The French policeman, left for dead by German football hooligans attending a World Cup match in Lens last year, sat through the proceedings in Essen stony-faced. He seemed to be in a world of his own. Asked afterwards if he was relieved to have seen his tormentors, he gently nodded his head.
The defendants cast sideways glances at him, but none dared look him in the eye, not even when they delivered their apologies, as instructed by their lawyers.
"Dear Mr Nivel, dear Mr Nivel," Frank Renger, 31, the oldest of the four, whimpered. "I kicked Mr Nivel twice and even today I can't explain why I did it. I am ashamed of what I have done to Mr Nivel and of the consequences for him, his wife and his family. I want to say I'm very sorry."

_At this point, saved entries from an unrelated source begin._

lemma c_notin_intersection_sizes: "c \<notin> intersection_sizes"
proof
  assume "c \<in> intersection_sizes"
  then obtain D0 l0 where D0: "D0 \<in> \<C>" "l0 \<in> L" "card (D0 \<inter> l0) = c"
    unfolding intersection_sizes_def by blast
  then have "D0 \<inter> l0 = D0"
    using card_subset_eq[OF finite_class[OF D0(1)] Int_lower1] card_class by simp
  have "\<forall>l\<in>L. \<exists>D. D \<in> \<C> \<and> D \<subseteq> l"
  proof
    fix l
    assume "l \<in> L"
    then obtain g where "g \<in> G" "g ` l0 = l"
      using ex_map_line D0(2) by blast
    then show "\<exists>D. D \<in> \<C> \<and> D \<subseteq> l"
      using image_class[OF _ D0(1)] \<open>D0 \<inter> l0 = D0\<close> by blast
  qed
  then obtain f where f: "\<forall>l\<in>L. f l \<in> \<C> \<and> f l \<subseteq> l"
    by (rule bchoice[THEN exE])
  have "inj_on f L"
  proof
    fix l1 l2
    assume l: "l1 \<in> L" "l2 \<in> L" "f l1 = f l2"
    obtain a b where ab: "a \<in> f l1" "b \<in> f l1" "a \<noteq> b"
      using f l(1) two_points_in_class by blast
    then have "a \<in> l1" "b \<in> l1" "a \<in> l2" "b \<in> l2"
      using f l by blast+
    then show "l1 = l2"
      using line_unique[OF l(1,2)] ab(3) by blast
  qed
  moreover have "f ` L \<subseteq> \<C>"
    using f by blast
  ultimately have "card L \<le> d"
    using card_inj_on_le[OF _ _ finite_classes] card_classes by blast
  moreover have "d < c * d"
    using mult_less_cancel2[of 1 d c] one_less_c one_less_d by simp
  ultimately show False
    using card_P_le_card_L card_P_eq_c_mult_d by simp
qed

lemma intersection_sizes_not_subset:
  assumes "2 \<le> h"
  shows "\<not> intersection_sizes \<subseteq> {0, h}"
proof
  assume sizes: "intersection_sizes \<subseteq> {0, h}"
  obtain C D where CD: "C \<in> \<C>" "D \<in> \<C>" "C \<noteq> D"
    by (rule two_classes)
  obtain x where x: "x \<in> C"
    using two_points_in_class[OF CD(1)] by blast
  obtain y where y: "y \<in> D"
    using two_points_in_class[OF CD(2)] by blast
  have card_meet: "card (E \<inter> l) = h" if E: "E \<in> \<C>" and l: "l \<in> L" "z \<in> E" "z \<in> l" for E l z
  proof -
    have "card (E \<inter> l) \<noteq> 0"
      using l finite_class[OF E] by (auto simp: card_eq_0_iff)
    moreover have "card (E \<inter> l) \<in> intersection_sizes"
      using E l(1) unfolding intersection_sizes_def by blast
    ultimately show ?thesis
      using sizes by auto
  qed
  have "\<forall>l\<in>lines_through x. card (l \<inter> C) = h"
    using card_meet[OF CD(1) _ x] unfolding lines_through_def by (simp add: Int_commute)
  then have c_eq: "c = replication_number * (h - 1) + 1"
    using card_eq_by_pencil_mem[OF x class_subset[OF CD(1)]] card_class[OF CD(1)] by simp
  have "x \<noteq> y"
    using class_unique CD x y by blast
  then obtain l where l: "l \<in> L" "x \<in> l" "y \<in> l"
    using line_exists class_subset CD x y by blast
  have "(C \<inter> l) \<inter> (D \<inter> l) = {}"
    using class_unique CD by blast
  then have "card (C \<inter> l) + card (D \<inter> l) = card ((C \<inter> l) \<union> (D \<inter> l))"
    using finite_class CD by (simp add: card_Un_disjoint)
  also have "\<dots> \<le> k"
    using card_mono[OF finite_line[OF l(1)]] card_line[OF l(1)] by (metis Int_Un_distrib2 Int_lower2)
  finally have "h < k"
    using card_meet[OF CD(1) l(1) x l(2)] card_meet[OF CD(2) l(1) y l(3)] assms by simp
  moreover have "c dvd replication_number * (k - 1) + 1"
    using card_P_eq card_P_eq_c_mult_d by (metis dvd_triv_left)
  ultimately show False
    using mult_pred_plus_1_not_dvd[OF assms _ k_le_replication_number] c_eq by simp
qed

lemma nonzero_intersection_sizes_eq:
  assumes "2 \<le> h" "h \<in> intersection_sizes" "intersection_sizes \<subseteq> {0, 1, h}"
  shows "intersection_sizes - {0} = {1, h}"
proof -
  have "1 \<in> intersection_sizes"
    using intersection_sizes_not_subset[OF assms(1)] assms(3) by blast
  then show ?thesis
    using assms by auto
qed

Arno Reifschlager, 24, was also sorry, and one hopes not just because German law almost guarantees a substantially reduced sentence in exchange for the magic word. The two others, Christopher Rauch, 24, and Andre Zawacki, 28, are following a different defence strategy. They have opted to remain silent throughout the trial, which is likely to run until September.
It does not make any difference to the Nivel family. Laurette Nivel, who has nursed her husband back from coma to his semblance of life today, was untouched by the remorse on show. "I have heard their apologies but I cannot forgive them," she said. "My husband has suffered too much, our entire family has suffered too much. The pain will never go away."
The couple insisted on going to the trial for at least one day, not so much to confront the assailants, but to demonstrate to the judges the effect of those few moments of brutality last summer. The court saw a broken man, limping and staring into the distance, his memories of that day wiped clean. Mrs Nivel had to speak for her husband. "They have taken away his freedom to live," she said.